EXERCISE DETAILS: Among the entries below, how many lines contain "finally"? Answer with the number only.

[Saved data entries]
· · · · ·
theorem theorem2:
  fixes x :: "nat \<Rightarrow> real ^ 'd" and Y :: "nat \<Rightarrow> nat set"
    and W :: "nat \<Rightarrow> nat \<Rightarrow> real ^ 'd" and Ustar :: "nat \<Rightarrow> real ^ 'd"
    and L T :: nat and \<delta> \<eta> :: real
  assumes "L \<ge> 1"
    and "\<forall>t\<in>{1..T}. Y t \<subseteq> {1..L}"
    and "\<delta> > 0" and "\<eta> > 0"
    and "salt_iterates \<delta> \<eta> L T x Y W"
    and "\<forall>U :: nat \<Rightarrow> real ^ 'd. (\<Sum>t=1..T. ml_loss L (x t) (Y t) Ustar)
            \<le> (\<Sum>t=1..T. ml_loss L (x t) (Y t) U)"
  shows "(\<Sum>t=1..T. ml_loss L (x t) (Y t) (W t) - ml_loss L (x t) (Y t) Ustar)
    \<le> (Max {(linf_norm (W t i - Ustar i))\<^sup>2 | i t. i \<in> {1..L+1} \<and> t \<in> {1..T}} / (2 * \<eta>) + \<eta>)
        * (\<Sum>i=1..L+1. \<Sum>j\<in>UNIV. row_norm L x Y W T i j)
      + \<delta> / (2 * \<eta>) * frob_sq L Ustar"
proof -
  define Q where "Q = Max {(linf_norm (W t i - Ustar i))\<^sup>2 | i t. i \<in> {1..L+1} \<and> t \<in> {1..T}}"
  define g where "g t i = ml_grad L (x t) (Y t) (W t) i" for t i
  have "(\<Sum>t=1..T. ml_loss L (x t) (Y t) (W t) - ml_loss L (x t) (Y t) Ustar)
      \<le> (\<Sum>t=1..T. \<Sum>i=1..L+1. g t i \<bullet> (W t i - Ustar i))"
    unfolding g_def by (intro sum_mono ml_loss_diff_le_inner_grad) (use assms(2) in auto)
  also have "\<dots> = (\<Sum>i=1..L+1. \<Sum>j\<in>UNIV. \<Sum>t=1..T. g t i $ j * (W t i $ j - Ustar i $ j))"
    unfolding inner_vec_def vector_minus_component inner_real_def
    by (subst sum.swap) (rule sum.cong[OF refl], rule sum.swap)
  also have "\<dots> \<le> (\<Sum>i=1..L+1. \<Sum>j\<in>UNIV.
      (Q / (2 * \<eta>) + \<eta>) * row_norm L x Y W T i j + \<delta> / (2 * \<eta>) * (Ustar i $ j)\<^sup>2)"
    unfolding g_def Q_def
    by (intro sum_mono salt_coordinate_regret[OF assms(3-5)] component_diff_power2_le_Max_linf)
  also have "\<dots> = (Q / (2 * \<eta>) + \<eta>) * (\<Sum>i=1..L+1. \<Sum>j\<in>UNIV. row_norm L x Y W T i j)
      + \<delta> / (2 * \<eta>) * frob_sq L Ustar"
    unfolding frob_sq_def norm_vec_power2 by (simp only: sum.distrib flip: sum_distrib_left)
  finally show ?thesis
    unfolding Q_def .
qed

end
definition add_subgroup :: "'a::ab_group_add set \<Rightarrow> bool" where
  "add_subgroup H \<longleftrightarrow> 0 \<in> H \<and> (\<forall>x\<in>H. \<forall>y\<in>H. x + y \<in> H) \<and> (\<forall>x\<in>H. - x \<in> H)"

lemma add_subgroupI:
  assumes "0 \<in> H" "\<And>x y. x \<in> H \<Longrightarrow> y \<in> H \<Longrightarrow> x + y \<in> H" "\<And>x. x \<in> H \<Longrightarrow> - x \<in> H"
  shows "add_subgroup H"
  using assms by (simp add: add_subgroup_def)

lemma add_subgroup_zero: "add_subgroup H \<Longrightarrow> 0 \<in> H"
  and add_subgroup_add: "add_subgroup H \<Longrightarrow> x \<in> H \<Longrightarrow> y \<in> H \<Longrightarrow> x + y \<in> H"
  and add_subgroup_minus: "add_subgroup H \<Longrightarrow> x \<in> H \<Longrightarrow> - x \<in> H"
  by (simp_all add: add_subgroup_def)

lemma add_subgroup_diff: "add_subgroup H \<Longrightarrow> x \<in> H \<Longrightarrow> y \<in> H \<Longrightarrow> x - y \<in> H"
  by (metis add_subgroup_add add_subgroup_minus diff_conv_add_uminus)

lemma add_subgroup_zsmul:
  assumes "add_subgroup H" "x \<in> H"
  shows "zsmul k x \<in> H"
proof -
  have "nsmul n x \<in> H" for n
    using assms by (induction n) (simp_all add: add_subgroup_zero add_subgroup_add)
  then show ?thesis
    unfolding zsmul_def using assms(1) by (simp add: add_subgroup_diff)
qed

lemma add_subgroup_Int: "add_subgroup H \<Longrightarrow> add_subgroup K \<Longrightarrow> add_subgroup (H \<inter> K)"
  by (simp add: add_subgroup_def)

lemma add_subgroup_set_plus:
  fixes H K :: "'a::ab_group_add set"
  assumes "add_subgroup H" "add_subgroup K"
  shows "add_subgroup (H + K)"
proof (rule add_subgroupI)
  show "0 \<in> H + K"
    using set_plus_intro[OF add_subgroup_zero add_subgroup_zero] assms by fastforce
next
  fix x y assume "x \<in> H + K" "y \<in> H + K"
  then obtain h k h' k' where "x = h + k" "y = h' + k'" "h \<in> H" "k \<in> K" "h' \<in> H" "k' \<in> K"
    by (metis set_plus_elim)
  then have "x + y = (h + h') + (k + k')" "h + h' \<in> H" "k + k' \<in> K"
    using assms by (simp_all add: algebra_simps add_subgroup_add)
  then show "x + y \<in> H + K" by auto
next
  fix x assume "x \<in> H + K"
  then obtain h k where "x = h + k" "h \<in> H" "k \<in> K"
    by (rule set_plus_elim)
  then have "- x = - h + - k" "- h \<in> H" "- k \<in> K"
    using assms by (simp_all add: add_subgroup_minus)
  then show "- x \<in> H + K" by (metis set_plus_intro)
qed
· · · · ·
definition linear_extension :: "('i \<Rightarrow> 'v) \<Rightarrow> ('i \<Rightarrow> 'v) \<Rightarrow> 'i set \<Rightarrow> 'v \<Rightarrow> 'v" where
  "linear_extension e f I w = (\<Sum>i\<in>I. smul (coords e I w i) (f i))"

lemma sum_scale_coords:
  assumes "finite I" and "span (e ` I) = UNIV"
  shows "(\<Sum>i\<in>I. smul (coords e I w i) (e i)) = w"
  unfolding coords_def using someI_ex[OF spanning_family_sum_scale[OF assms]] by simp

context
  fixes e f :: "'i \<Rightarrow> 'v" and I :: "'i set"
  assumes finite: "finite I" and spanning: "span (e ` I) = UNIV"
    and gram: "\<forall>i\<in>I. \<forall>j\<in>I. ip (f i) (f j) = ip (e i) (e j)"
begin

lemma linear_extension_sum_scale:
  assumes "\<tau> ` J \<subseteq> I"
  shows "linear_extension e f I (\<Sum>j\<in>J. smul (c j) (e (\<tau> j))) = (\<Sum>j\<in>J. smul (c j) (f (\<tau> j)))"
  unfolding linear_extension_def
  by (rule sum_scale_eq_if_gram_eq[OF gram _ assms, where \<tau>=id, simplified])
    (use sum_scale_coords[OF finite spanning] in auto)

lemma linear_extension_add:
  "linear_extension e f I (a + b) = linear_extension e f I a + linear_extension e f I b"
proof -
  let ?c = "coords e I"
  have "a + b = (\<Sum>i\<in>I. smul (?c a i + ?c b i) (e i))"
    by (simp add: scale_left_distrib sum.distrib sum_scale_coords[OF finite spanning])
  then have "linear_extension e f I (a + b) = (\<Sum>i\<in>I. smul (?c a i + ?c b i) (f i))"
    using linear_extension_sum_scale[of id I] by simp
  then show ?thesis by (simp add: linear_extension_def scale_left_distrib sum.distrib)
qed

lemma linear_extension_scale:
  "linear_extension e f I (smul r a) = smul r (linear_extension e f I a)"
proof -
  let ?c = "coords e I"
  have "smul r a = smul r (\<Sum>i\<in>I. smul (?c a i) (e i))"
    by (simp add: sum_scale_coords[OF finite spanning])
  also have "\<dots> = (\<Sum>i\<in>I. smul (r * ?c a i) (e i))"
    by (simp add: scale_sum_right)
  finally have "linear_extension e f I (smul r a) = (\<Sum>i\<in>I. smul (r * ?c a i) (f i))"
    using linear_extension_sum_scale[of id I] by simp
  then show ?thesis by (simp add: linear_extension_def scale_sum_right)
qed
· · · · ·
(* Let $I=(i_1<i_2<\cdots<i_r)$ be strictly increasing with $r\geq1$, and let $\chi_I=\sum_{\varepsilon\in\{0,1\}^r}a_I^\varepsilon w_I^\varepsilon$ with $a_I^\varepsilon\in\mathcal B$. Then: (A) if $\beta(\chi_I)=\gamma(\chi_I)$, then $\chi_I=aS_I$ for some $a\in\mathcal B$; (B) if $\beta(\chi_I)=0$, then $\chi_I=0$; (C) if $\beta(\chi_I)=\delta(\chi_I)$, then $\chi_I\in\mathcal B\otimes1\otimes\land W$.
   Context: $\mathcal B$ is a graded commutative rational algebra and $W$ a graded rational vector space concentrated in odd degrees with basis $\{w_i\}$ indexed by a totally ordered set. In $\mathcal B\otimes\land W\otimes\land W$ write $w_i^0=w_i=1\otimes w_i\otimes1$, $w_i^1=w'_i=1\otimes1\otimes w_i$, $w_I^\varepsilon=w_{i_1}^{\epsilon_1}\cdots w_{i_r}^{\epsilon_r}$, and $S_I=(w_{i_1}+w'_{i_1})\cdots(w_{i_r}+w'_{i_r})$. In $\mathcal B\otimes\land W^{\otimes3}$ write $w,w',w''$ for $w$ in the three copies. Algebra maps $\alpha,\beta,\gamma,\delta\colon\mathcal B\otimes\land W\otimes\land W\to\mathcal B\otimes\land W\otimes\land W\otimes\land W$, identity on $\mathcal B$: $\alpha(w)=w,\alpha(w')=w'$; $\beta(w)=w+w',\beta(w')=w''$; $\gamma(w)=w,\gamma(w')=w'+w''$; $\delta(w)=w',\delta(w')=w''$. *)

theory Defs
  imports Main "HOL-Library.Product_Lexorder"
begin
· · · · ·
SOLUTION FOR THIS PROBLEM: 2